Он сделал перерыв, чтобы проверить узлы: не развязался ли пленник, – нет, не развязался... Да такие узлы специальные. Их теперь ножом если только, ещё и смочил водой верёвку.
– Ну, что смотришь сердито не своими глазами, – беззлобно отнёсся тюремщик к своей жертве. – Страшно небось? Всем страшно... Все в неизвестности, в подвешенном состоянии мучаются, страдают. А не знают того, что эти муки предварительные и ничто перед окончательными, последними... Ну да там – недолго.

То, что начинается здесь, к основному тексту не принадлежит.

(* Let $\Gamma$ be a finite simplicial graph with no SIL, and let $k\ge0$ be the number of non-abelian free equivalence classes of $\Gamma$. Then $\mathbb{A}_\Gamma\cong(\mathbb{F}_2)^k\times\mathbb{A}_\Lambda$ for some graph $\Lambda$ with no non-abelian free equivalence class.
   Context: $\mathbb{A}_\Gamma$ is the right-angled Artin group on $\Gamma$. $\mathrm{lk}(u)$ = neighbours of $u$, $\mathrm{st}(u)=\mathrm{lk}(u)\cup\{u\}$; $u\le v$ iff $\mathrm{lk}(u)\subseteq\mathrm{st}(v)$; $u\sim v$ iff $u\le v\le u$; a non-abelian free equivalence class is a class of size $\ge 2$ whose vertices are pairwise non-adjacent. A SIL is a triple $(x,y\mid z)$ of pairwise non-adjacent vertices such that the component of $\Gamma\setminus(\mathrm{lk}(x)\cap\mathrm{lk}(y))$ containing $z$ contains neither $x$ nor $y$. *)

theory Defs
  imports "HOL-Algebra.Algebra"
begin

definition simple_graph :: "'v set \<Rightarrow> ('v \<Rightarrow> 'v \<Rightarrow> bool) \<Rightarrow> bool" where
  "simple_graph V E \<longleftrightarrow> finite V \<and> (\<forall>u v. E u v \<longrightarrow> E v u) \<and> (\<forall>u. \<not> E u u)
     \<and> (\<forall>u v. E u v \<longrightarrow> u \<in> V \<and> v \<in> V)"

definition lk :: "'v set \<Rightarrow> ('v \<Rightarrow> 'v \<Rightarrow> bool) \<Rightarrow> 'v \<Rightarrow> 'v set" where
  "lk V E u = {w \<in> V. E u w}"

definition st :: "'v set \<Rightarrow> ('v \<Rightarrow> 'v \<Rightarrow> bool) \<Rightarrow> 'v \<Rightarrow> 'v set" where
  "st V E u = insert u (lk V E u)"

definition vle :: "'v set \<Rightarrow> ('v \<Rightarrow> 'v \<Rightarrow> bool) \<Rightarrow> 'v \<Rightarrow> 'v \<Rightarrow> bool" where
  "vle V E u v \<longleftrightarrow> lk V E u \<subseteq> st V E v"

definition vequiv :: "'v set \<Rightarrow> ('v \<Rightarrow> 'v \<Rightarrow> bool) \<Rightarrow> 'v \<Rightarrow> 'v \<Rightarrow> bool" where
  "vequiv V E u v \<longleftrightarrow> vle V E u v \<and> vle V E v u"

definition equiv_class :: "'v set \<Rightarrow> ('v \<Rightarrow> 'v \<Rightarrow> bool) \<Rightarrow> 'v \<Rightarrow> 'v set" where
  "equiv_class V E u = {v \<in> V. vequiv V E u v}"

definition nafree_classes :: "'v set \<Rightarrow> ('v \<Rightarrow> 'v \<Rightarrow> bool) \<Rightarrow> 'v set set" where
  "nafree_classes V E = {C. \<exists>u\<in>V. C = equiv_class V E u \<and> 2 \<le> card C
      \<and> (\<forall>a\<in>C. \<forall>b\<in>C. \<not> E a b)}"

definition component :: "('v \<Rightarrow> 'v \<Rightarrow> bool) \<Rightarrow> 'v set \<Rightarrow> 'v \<Rightarrow> 'v set" where
  "component E S z = {w. (\<lambda>a b. E a b \<and> a \<in> S \<and> b \<in> S)\<^sup>*\<^sup>* z w}"

definition is_SIL :: "'v set \<Rightarrow> ('v \<Rightarrow> 'v \<Rightarrow> bool) \<Rightarrow> 'v \<Rightarrow> 'v \<Rightarrow> 'v \<Rightarrow> bool" where
  "is_SIL V E x y z \<longleftrightarrow> x \<in> V \<and> y \<in> V \<and> z \<in> V \<and> x \<noteq> y \<and> x \<noteq> z \<and> y \<noteq> z
     \<and> \<not> E x y \<and> \<not> E x z \<and> \<not> E y z
     \<and> (let S = V - (lk V E x \<inter> lk V E y)
        in x \<notin> component E S z \<and> y \<notin> component E S z)"

definition no_SIL :: "'v set \<Rightarrow> ('v \<Rightarrow> 'v \<Rightarrow> bool) \<Rightarrow> bool" where
  "no_SIL V E \<longleftrightarrow> (\<forall>x y z. \<not> is_SIL V E x y z)"

text \<open>Words are lists of letters (v, b): v^(+1) if b, v^(-1) otherwise.\<close>

inductive raag_step :: "'v set \<Rightarrow> ('v \<Rightarrow> 'v \<Rightarrow> bool) \<Rightarrow> ('v \<times> bool) list \<Rightarrow> ('v \<times> bool) list \<Rightarrow> bool"
  for V E where
  cancel: "a \<in> V \<Longrightarrow> raag_step V E (xs @ [(a, b), (a, \<not> b)] @ ys) (xs @ ys)"
| commute: "E a c \<Longrightarrow> raag_step V E (xs @ [(a, b), (c, d)] @ ys) (xs @ [(c, d), (a, b)] @ ys)"

definition raag_eq :: "'v set \<Rightarrow> ('v \<Rightarrow> 'v \<Rightarrow> bool) \<Rightarrow> ('v \<times> bool) list \<Rightarrow> ('v \<times> bool) list \<Rightarrow> bool" where
  "raag_eq V E = (\<lambda>x y. raag_step V E x y \<or> raag_step V E y x)\<^sup>*\<^sup>*"

definition raag_class :: "'v set \<Rightarrow> ('v \<Rightarrow> 'v \<Rightarrow> bool) \<Rightarrow> ('v \<times> bool) list \<Rightarrow> ('v \<times> bool) list set" where
  "raag_class V E w = {w'. set (map fst w') \<subseteq> V \<and> raag_eq V E w w'}"

definition raag :: "'v set \<Rightarrow> ('v \<Rightarrow> 'v \<Rightarrow> bool) \<Rightarrow> ('v \<times> bool) list set monoid" where
  "raag V E = \<lparr> carrier = raag_class V E ` {w. set (map fst w) \<subseteq> V},
     monoid.mult = (\<lambda>A B. raag_class V E ((SOME a. a \<in> A) @ (SOME b. b \<in> B))),
     one = raag_class V E [] \<rparr>"

definition F2 :: "(bool \<times> bool) list set monoid" where
  "F2 = raag UNIV (\<lambda>_ _. False)"

end

theory Submission
  imports Defs
begin

text \<open>
  If u and b are non-adjacent equivalent vertices, their links coincide; a vertex x outside
  lk u would then give the SIL (u, b | x), since deleting lk u = lk b leaves u and b
  isolated. So in a graph without SILs every non-abelian free class is a pair {u, b}
  adjacent to all other vertices: the graph is the join of the edgeless pair with the rest L,
  and A_\<Gamma> = F_2 \<times> A_L by sorting words into their {u, b}- and L-parts. The graph on L has
  no SIL and exactly the remaining k - 1 classes, so induction on k applies; at the end the
  vertices are relabelled by natural numbers.
\<close>

section \<open>Words\<close>

abbreviation word_on :: "'v set \<Rightarrow> ('v \<times> bool) list \<Rightarrow> bool" where
  "word_on V w \<equiv> fst ` set w \<subseteq> V"

abbreviation word_proj :: "'v set \<Rightarrow> ('v \<times> bool) list \<Rightarrow> ('v \<times> bool) list" where
  "word_proj A \<equiv> filter (\<lambda>l. fst l \<in> A)"

abbreviation word_rename :: "('v \<Rightarrow> 'w) \<Rightarrow> ('v \<times> bool) list \<Rightarrow> ('w \<times> bool) list" where
  "word_rename f \<equiv> map (apfst f)"

definition induced :: "('v \<Rightarrow> 'v \<Rightarrow> bool) \<Rightarrow> 'v set \<Rightarrow> 'v \<Rightarrow> 'v \<Rightarrow> bool" where
  "induced E A = (\<lambda>c d. E c d \<and> c \<in> A \<and> d \<in> A)"

lemma raag_eq_symclp: "raag_eq V E = (symclp (raag_step V E))\<^sup>*\<^sup>*"
  by (simp add: raag_eq_def symclp_def[abs_def])
lemma graded_qc_skew_PBW_if_conditions:
  assumes "p12 \<noteq> 0" "p11 = 0" "ring_aut_on R s11" "ring_aut_on R s22"
    and "\<forall>r\<in>R. s12 r = 0" "\<forall>r\<in>R. s21 r = 0"
  shows "graded_qc_skew_PBW phi R Rg [x1, x2]"
proof (rule graded_qc_skew_PBW_intro[where \<sigma> = "\<lambda>i. if i = 0 then s11 else s22"
      and c = "\<lambda>i j. phi (if i = j then 1 else if i = 0 then p12 else inverse p12)"])
  show "graded_alg phi R Rg" by (rule graded)
  show "left_free_basis R {\<alpha>. length \<alpha> = length [x1, x2]} (pbw_mono [x1, x2])"
    by (rule left_free_basis_pbw_mono_pair[OF basis zero_in_R])
next
  fix i :: nat assume "i < length [x1, x2]"
  then consider "i = 0" | "i = 1" by fastforce
  then show "ring_aut_on R (if i = 0 then s11 else s22) \<and>
      (\<forall>m. (if i = 0 then s11 else s22) ` Rg m \<subseteq> Rg m) \<and>
      (\<forall>r\<in>R. [x1, x2] ! i * r = (if i = 0 then s11 else s22) r * [x1, x2] ! i)"
    by cases (use assms sigma sigma_graded in auto)
next
  fix i j :: nat assume "i < length [x1, x2]" "j < length [x1, x2]"
  then have ij: "i \<in> {0, 1}" "j \<in> {0, 1}" by auto
  let ?k = "if i = j then 1 else if i = 0 then p12 else inverse p12"
  have "[x1, x2] ! j * [x1, x2] ! i = phi ?k * [x1, x2] ! i * [x1, x2] ! j"
    using ij x2_x1_commute[OF assms(2)] x1_x2_commute[OF assms(1,2)] by (auto simp: phi_one)
  moreover have "?k \<noteq> 0"
    using assms(1) by simp
  ultimately show "phi ?k \<in> Rg 0 \<and> phi ?k \<noteq> 0 \<and> (\<exists>d\<in>R. phi ?k * d = 1 \<and> d * phi ?k = 1) \<and>
      [x1, x2] ! j * [x1, x2] ! i = phi ?k * [x1, x2] ! i * [x1, x2] ! j"
    using phi_unit by blast
qed

end

theorem theorem3p9:
  fixes phi :: "'k::field \<Rightarrow> 'a::ring_1"
    and R :: "'a set" and Rg :: "nat \<Rightarrow> 'a set"
    and x1 x2 :: 'a and p12 p11 :: 'k
    and s11 s12 s21 s22 :: "'a \<Rightarrow> 'a"
  assumes "central_alg_hom phi"
    and "connected_graded phi R Rg"
    and "graded_trimmed_right_double_ore phi R Rg x1 x2 p12 p11 s11 s12 s21 s22"
  shows "graded_qc_skew_PBW phi R Rg [x1, x2] \<longleftrightarrow>
           p12 \<noteq> 0 \<and> p11 = 0 \<and> ring_aut_on R s11 \<and> ring_aut_on R s22 \<and>
           (\<forall>r\<in>R. s12 r = 0) \<and> (\<forall>r\<in>R. s21 r = 0)"
proof -
  interpret graded_trimmed_double_ore phi R Rg x1 x2 p12 p11 s11 s12 s21 s22
    using assms by unfold_locales
  show ?thesis
    using conditions_if_graded_qc_skew_PBW graded_qc_skew_PBW_if_conditions by blast
qed

end
(* Let $f : \{0, 1\}^n \to \{0, 1\}$ be a symmetric Boolean function. Then $\mathsf{NAADT}(f) = O(\mathsf{D}_{\mathrm{cc}}(f \circ \mathsf{AND})^2)$.
   Context: $f$ is symmetric if $f(x)$ depends only on the Hamming weight of $x$. For $S\subseteq[n]$, $\mathsf{AND}_S(x)=\prod_{i\in S}x_i$. $\mathsf{NAADT}(f)$ (non-adaptive AND decision tree complexity) is the minimum $k$ for which there exist $S_1,\dots,S_k\subseteq[n]$ such that $f(x)$ is determined by the values $\mathsf{AND}_{S_1}(x),\dots,\mathsf{AND}_{S_k}(x)$ for all $x\in\{0,1\}^n$. $f\circ\mathsf{AND}$ is the two-party function $(x,y)\mapsto f(x_1\wedge y_1,\dots,x_n\wedge y_n)$ with Alice holding $x$, Bob holding $y$, and $\mathsf{D}_{\mathrm{cc}}$ is deterministic (two-way) communication complexity. *)

theory Defs
  imports Complex_Main
begin

text \<open>Inputs in {0,1}^n are bool lists of length n (True = 1).\<close>

definition symmetric_fn :: "nat \<Rightarrow> (bool list \<Rightarrow> bool) \<Rightarrow> bool" where
  "symmetric_fn n f \<longleftrightarrow> (\<forall>x y. length x = n \<longrightarrow> length y = n \<longrightarrow>
      count_list x True = count_list y True \<longrightarrow> f x = f y)"

definition AND_S :: "nat set \<Rightarrow> bool list \<Rightarrow> bool" where
  "AND_S S x \<longleftrightarrow> (\<forall>i\<in>S. x ! i)"

definition NAADT :: "nat \<Rightarrow> (bool list \<Rightarrow> bool) \<Rightarrow> nat" where
  "NAADT n f = (LEAST k. \<exists>Ss :: nat set list. length Ss = k \<and> (\<forall>S\<in>set Ss. S \<subseteq> {..<n}) \<and>
      (\<forall>x y. length x = n \<longrightarrow> length y = n \<longrightarrow>
         map (\<lambda>S. AND_S S x) Ss = map (\<lambda>S. AND_S S y) Ss \<longrightarrow> f x = f y))"

datatype ('a, 'b) protocol =
    Leaf bool
  | AliceNode "'a \<Rightarrow> bool" "('a, 'b) protocol" "('a, 'b) protocol"
  | BobNode "'b \<Rightarrow> bool" "('a, 'b) protocol" "('a, 'b) protocol"

fun run_protocol :: "('a, 'b) protocol \<Rightarrow> 'a \<Rightarrow> 'b \<Rightarrow> bool" where
  "run_protocol (Leaf v) x y = v"
| "run_protocol (AliceNode g P0 P1) x y = run_protocol (if g x then P1 else P0) x y"
| "run_protocol (BobNode g P0 P1) x y = run_protocol (if g y then P1 else P0) x y"

fun protocol_depth :: "('a, 'b) protocol \<Rightarrow> nat" where
  "protocol_depth (Leaf v) = 0"
| "protocol_depth (AliceNode g P0 P1) = Suc (max (protocol_depth P0) (protocol_depth P1))"
| "protocol_depth (BobNode g P0 P1) = Suc (max (protocol_depth P0) (protocol_depth P1))"

definition Dcc :: "'a set \<Rightarrow> 'b set \<Rightarrow> ('a \<Rightarrow> 'b \<Rightarrow> bool) \<Rightarrow> nat" where
  "Dcc A B F = (LEAST d. \<exists>P :: ('a, 'b) protocol. protocol_depth P = d \<and>
      (\<forall>x\<in>A. \<forall>y\<in>B. run_protocol P x y = F x y))"

definition compose_AND :: "(bool list \<Rightarrow> bool) \<Rightarrow> bool list \<Rightarrow> bool list \<Rightarrow> bool" where
  "compose_AND f x y = f (map2 (\<and>) x y)"

definition Dcc_AND :: "nat \<Rightarrow> (bool list \<Rightarrow> bool) \<Rightarrow> nat" where
  "Dcc_AND n f = Dcc {x. length x = n} {y. length y = n} (compose_AND f)"

end

theory Submission
  imports Defs "HOL-Computational_Algebra.Polynomial" "HOL-Library.FuncSet" "HOL-Library.Log_Nat"
begin

text \<open>Write \<open>f x = g |x|\<close> and let \<open>s\<close> be the first jump of \<open>g\<close>; then \<open>f\<close> is constant on
  inputs with more than \<open>d = n - s - 1\<close> zeros, and on the others it is determined by the zero
  set, which the queries of a \<open>d\<close>-disjunct family reveal. Such families of size
  \<open>2 (d \<lceil>log n\<rceil>)\<^sup>2\<close> come from the Kautz--Singleton construction over a greedy code.

  Conversely, a protocol of cost \<open>D\<close> writes \<open>g (|x \<and> y|)\<close> as a sum of \<open>2 ^ D\<close> rank-one
  matrices, while a nonzero \<open>k\<close>-th forward difference of \<open>g\<close> at \<open>s'\<close> yields a submatrix of
  rank \<open>(n - s') choose k\<close>. The difference of order \<open>s + 1\<close> at \<open>0\<close> gives
  \<open>n choose d \<le> 2 ^ D\<close>; since \<open>g\<close> is 0/1-valued, some difference of order about \<open>d / 4\<close>
  at \<open>s\<close> is nonzero, giving \<open>d < 4 D\<close>. Together these bound \<open>d \<lceil>log n\<rceil>\<close> by \<open>4 D\<close>.\<close>

section \<open>Forward differences\<close>

fun forward_diff :: "nat \<Rightarrow> (nat \<Rightarrow> 'a::ab_group_add) \<Rightarrow> nat \<Rightarrow> 'a" where
  "forward_diff 0 G s = G s"
| "forward_diff (Suc k) G s = forward_diff k G (Suc s) - forward_diff k G s"

lemma forward_diff_after_constant:
  assumes "1 \<le> k" and "\<And>j. s \<le> j \<Longrightarrow> j < s + k \<Longrightarrow> G j = c"
  shows "forward_diff k G s = G (s + k) - c"
  using assms
proof (induction k arbitrary: s)
  case 0
  then show ?case by simp
next
  case (Suc k)
  show ?case
  proof (cases "k = 0")
    case True
    then show ?thesis using Suc.prems by simp
  next
    case False
    have "forward_diff k G (Suc s) = G (Suc s + k) - c"
      using Suc.IH[of "Suc s"] Suc.prems False by auto
    moreover have "forward_diff k G s = G (s + k) - c"
      using Suc.IH[of s] Suc.prems False by auto
    moreover have "G (s + k) = c" using Suc.prems False by auto
    ultimately show ?thesis by simp
  qed
qed

lemma newton_forward_expansion:
  fixes G :: "nat \<Rightarrow> 'a::comm_ring_1"
  shows "G (s + j) = (\<Sum>k\<le>j. of_nat (j choose k) * forward_diff k G s)"
proof (induction j arbitrary: s)
  case 0
  then show ?case by simp
next
  case (Suc j)
  let ?\<Delta> = "\<lambda>k. forward_diff k G s"
  have "G (s + Suc j) = (\<Sum>k\<le>j. of_nat (j choose k) * forward_diff k G (Suc s))"
    using Suc.IH[of "Suc s"] by simp
  also have "\<dots> = (\<Sum>k\<le>j. of_nat (j choose k) * ?\<Delta> (Suc k))
                 + (\<Sum>k\<le>j. of_nat (j choose k) * ?\<Delta> k)"
  proof -
    have "\<And>k. forward_diff k G (Suc s) = ?\<Delta> (Suc k) + ?\<Delta> k" by simp
    then show ?thesis by (simp only: distrib_left sum.distrib)
  qed
  also have "(\<Sum>k\<le>j. of_nat (j choose k) * ?\<Delta> k)
           = ?\<Delta> 0 + (\<Sum>k\<le>j. of_nat (j choose Suc k) * ?\<Delta> (Suc k))"
    using sum.atMost_Suc_shift[of "\<lambda>k. of_nat (j choose k) * ?\<Delta> k" j]
    by (simp add: binomial_eq_0 del: forward_diff.simps)
  also have "(\<Sum>k\<le>j. of_nat (j choose k) * ?\<Delta> (Suc k))
             + (?\<Delta> 0 + (\<Sum>k\<le>j. of_nat (j choose Suc k) * ?\<Delta> (Suc k)))
           = ?\<Delta> 0 + (\<Sum>k\<le>j. of_nat (Suc j choose Suc k) * ?\<Delta> (Suc k))"
    by (simp add: sum.distrib[symmetric] algebra_simps del: forward_diff.simps)
  also have "\<dots> = (\<Sum>k\<le>Suc j. of_nat (Suc j choose k) * ?\<Delta> k)"
    by (subst sum.atMost_Suc_shift) (simp del: forward_diff.simps)
  finally show ?case .
qed

definition binomial_poly :: "nat \<Rightarrow> 'a::field_char_0 poly" where
  "binomial_poly k = smult (1 / fact k) (\<Prod>i<k. [:- of_nat i, 1:])"

lemma poly_binomial_poly: "poly (binomial_poly k) (of_nat j) = (of_nat (j choose k) :: 'a::field_char_0)"
proof -
  have "poly (binomial_poly k) (of_nat j) = (\<Prod>i<k. of_nat j - of_nat i) / (fact k :: 'a)"
    by (simp add: binomial_poly_def poly_prod)
  also have "\<dots> = (of_nat j :: 'a) gchoose k"
    by (simp add: gbinomial_prod_rev atLeast0LessThan)
  also have "\<dots> = of_nat (j choose k)" by (simp add: binomial_gbinomial)
  finally show ?thesis .
qed

lemma degree_binomial_poly_le: "degree (binomial_poly k :: 'a::field_char_0 poly) \<le> k"
proof -
  have "degree (\<Prod>i<k. [:- of_nat i, 1::'a:]) \<le> (\<Sum>i<k. degree [:- of_nat i, 1::'a:])"
    using degree_prod_sum_le[of "{..<k}" "\<lambda>i. [:- of_nat i, 1::'a:]"] by (simp add: o_def)
  also have "\<dots> = k" by simp
  finally show ?thesis
    unfolding binomial_poly_def using degree_smult_le order_trans by blast
qed

text \<open>If the differences of orders \<open>K..L\<close> all vanished, the Newton interpolant of degree
  below \<open>K\<close> would agree with the 0/1-valued \<open>G\<close> at \<open>s, \<dots>, s + L\<close>; then \<open>P (P - 1)\<close>, of
  degree at most \<open>L\<close>, has \<open>L + 1\<close> roots, so \<open>P\<close> is constant, contradicting the jump at \<open>s\<close>.\<close>

lemma forward_diff_nonzero_in_window:
  fixes G :: "nat \<Rightarrow> 'a::field_char_0"
  assumes binary: "\<And>j. j \<le> L \<Longrightarrow> G (s + j) \<in> {0, 1}"
    and jump: "G s \<noteq> G (Suc s)" and "1 \<le> L" and "2 * K \<le> L + 2"
  shows "\<exists>k. K \<le> k \<and> k \<le> L \<and> forward_diff k G s \<noteq> 0"
proof (rule ccontr)
  assume "\<not> ?thesis"
  then have vanish: "\<And>k. K \<le> k \<Longrightarrow> k \<le> L \<Longrightarrow> forward_diff k G s = 0" by auto
  define P where "P = (\<Sum>k<K. smult (forward_diff k G s) (binomial_poly k))"
  have poly_P: "poly P (of_nat j) = G (s + j)" if "j \<le> L" for j
  proof -
    have "poly P (of_nat j) = (\<Sum>k<K. of_nat (j choose k) * forward_diff k G s)"
      by (simp add: P_def poly_sum poly_binomial_poly mult.commute)
    also have "\<dots> = (\<Sum>k \<in> {..<K} \<inter> {..j}. of_nat (j choose k) * forward_diff k G s)"
      by (rule sum.mono_neutral_right) auto
    also have "\<dots> = (\<Sum>k\<le>j. of_nat (j choose k) * forward_diff k G s)"
      by (rule sum.mono_neutral_left) (use that vanish in \<open>force+\<close>)
    also have "\<dots> = G (s + j)" by (rule newton_forward_expansion[symmetric])
    finally show ?thesis .
  qed
  have degree_P: "degree P \<le> K - 1"
    unfolding P_def
  proof (rule degree_sum_le)
    fix k assume "k \<in> {..<K}"
    then show "degree (smult (forward_diff k G s) (binomial_poly k)) \<le> K - 1"
      using degree_smult_le[of "forward_diff k G s" "binomial_poly k :: 'a poly"]
        degree_binomial_poly_le[of k, where 'a='a] by fastforce
  qed simp
  define Q where "Q = P * (P - 1)"
  have roots: "of_nat ` {0..L} \<subseteq> {x. poly Q x = 0}"
  proof
    fix x :: 'a assume "x \<in> of_nat ` {0..L}"
    then obtain j where "j \<le> L" "x = of_nat j" by auto
    then show "x \<in> {x. poly Q x = 0}" using poly_P binary by (force simp: Q_def)
  qed
  have "P = 0 \<or> P = 1"
  proof (rule ccontr)
    assume "\<not> (P = 0 \<or> P = 1)"
    then have "Q \<noteq> 0" by (simp add: Q_def)
    have "degree Q \<le> degree P + degree (P - 1)"
      unfolding Q_def by (rule degree_mult_le)
    also have "degree (P - 1) \<le> degree P" using degree_diff_le_max[of P 1] by simp
    finally have "degree Q \<le> L" using degree_P \<open>2 * K \<le> L + 2\<close> by linarith
    have "L + 1 = card (of_nat ` {0..L} :: 'a set)"
      by (subst card_image) (auto simp: inj_on_def)
    also have "\<dots> \<le> card {x. poly Q x = 0}"
      by (rule card_mono[OF poly_roots_finite[OF \<open>Q \<noteq> 0\<close>] roots])
    also have "\<dots> \<le> degree Q" by (rule card_poly_roots_bound[OF \<open>Q \<noteq> 0\<close>])
    finally show False using \<open>degree Q \<le> L\<close> by simp
  qed
  then have "poly P (of_nat 0) = poly P (of_nat 1)" by auto
  then show False using poly_P[of 0] poly_P[of 1] \<open>1 \<le> L\<close> jump by simp
qed

lemma sum_Pow_insert:
  assumes "finite S" and "e \<notin> S"
  shows "(\<Sum>X\<in>Pow (insert e S). h X) = (\<Sum>X\<in>Pow S. h X) + (\<Sum>X\<in>Pow S. h (insert e X))"
proof -
  have inj: "inj_on (insert e) (Pow S)"
    using assms(2) by (auto simp: inj_on_def)
  have "(\<Sum>X\<in>Pow (insert e S). h X) = (\<Sum>X\<in>Pow S \<union> insert e ` Pow S. h X)"
    by (simp add: Pow_insert)
  also have "\<dots> = (\<Sum>X\<in>Pow S. h X) + (\<Sum>X\<in>insert e ` Pow S. h X)"
    by (rule sum.union_disjoint) (use assms in auto)
  also have "(\<Sum>X\<in>insert e ` Pow S. h X) = (\<Sum>X\<in>Pow S. h (insert e X))"
    by (rule sum.reindex[OF inj, unfolded o_def])
  finally show ?thesis .
qed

Ему понравилось самому, как сказал: "Не своими глазами". Он встал, – Добросердов испуганно дёрнулся, выкатив глаза, – и отошёл к высокой, в половину его роста самодельной конторке. Была у него сделана из дерева конторка, писать и читать стоя, а не сидя: прознал где-то, что так для ума полезнее и проще.
Добросердов, повизгивая щенячьим, для взрослого мужчины непристойным визгом, неотрывно следил за ним и ловил каждое его движение.
– Ты не думай, – вдруг обернулся его мучитель, что-то блеснуло в руке, – я к тебе, как говорится, ничего такого! Я, брат, на тебя не держу, как говорится... Поднимаюсь к Богу, а ты... И Ангел говорит с ней, открывая всё ничего, тем сберегая от пасти и рогов. Ты, нисходящая ночная, душа ex Deo, беги, о дева, страстей предела... Слыхал, нет? Не слыхал...
Иван Вианорыч повернулся – и тут у Добросердова померкло в глазах: нож в руке, да не простой – скальпель медицинский!
Держа его немного наотлёт, как художник – кисть, Иван Вианорыч пошёл на Добросердова... "Это всё, – понял Добросердов, – это смерть... Одиннадцать князей в киевском войске сказали, здесь наша смерть..."
Повизгивая, Добросердов стал ёрзать, но он был привязан крепко. Зря это всё. Убрать человека можно одним движением руки. Переделать человека, вот что трудно, долго. А по большому счёту и невозможно... Приходится убирать.
– Ты думаешь – это я тебя мучаю? Не-ет, брат! Обоюдно. Ты меня даже больше мучаешь, чем я тебя. А почему? Тихо-тихо... А потому, что я поднимаюсь – а ты, брат, под ногами у меня. Вот и преподобный Паисий, он что советует? Знаешь такого, нет? Не знаешь... откуда. Ничего-то вы не знаете... Советует смотреть под ноги, если поднимаешься. А под ногами – вы, болезные... масла не запасли, таланты закопали, Паисия не знаете... Убрать – и вся недолга! Ну... ты пока ещё повиси, повиси... спешить некуда. Я пока чайку... Приду ещё. Пока отдыхай, думай... расти над собой.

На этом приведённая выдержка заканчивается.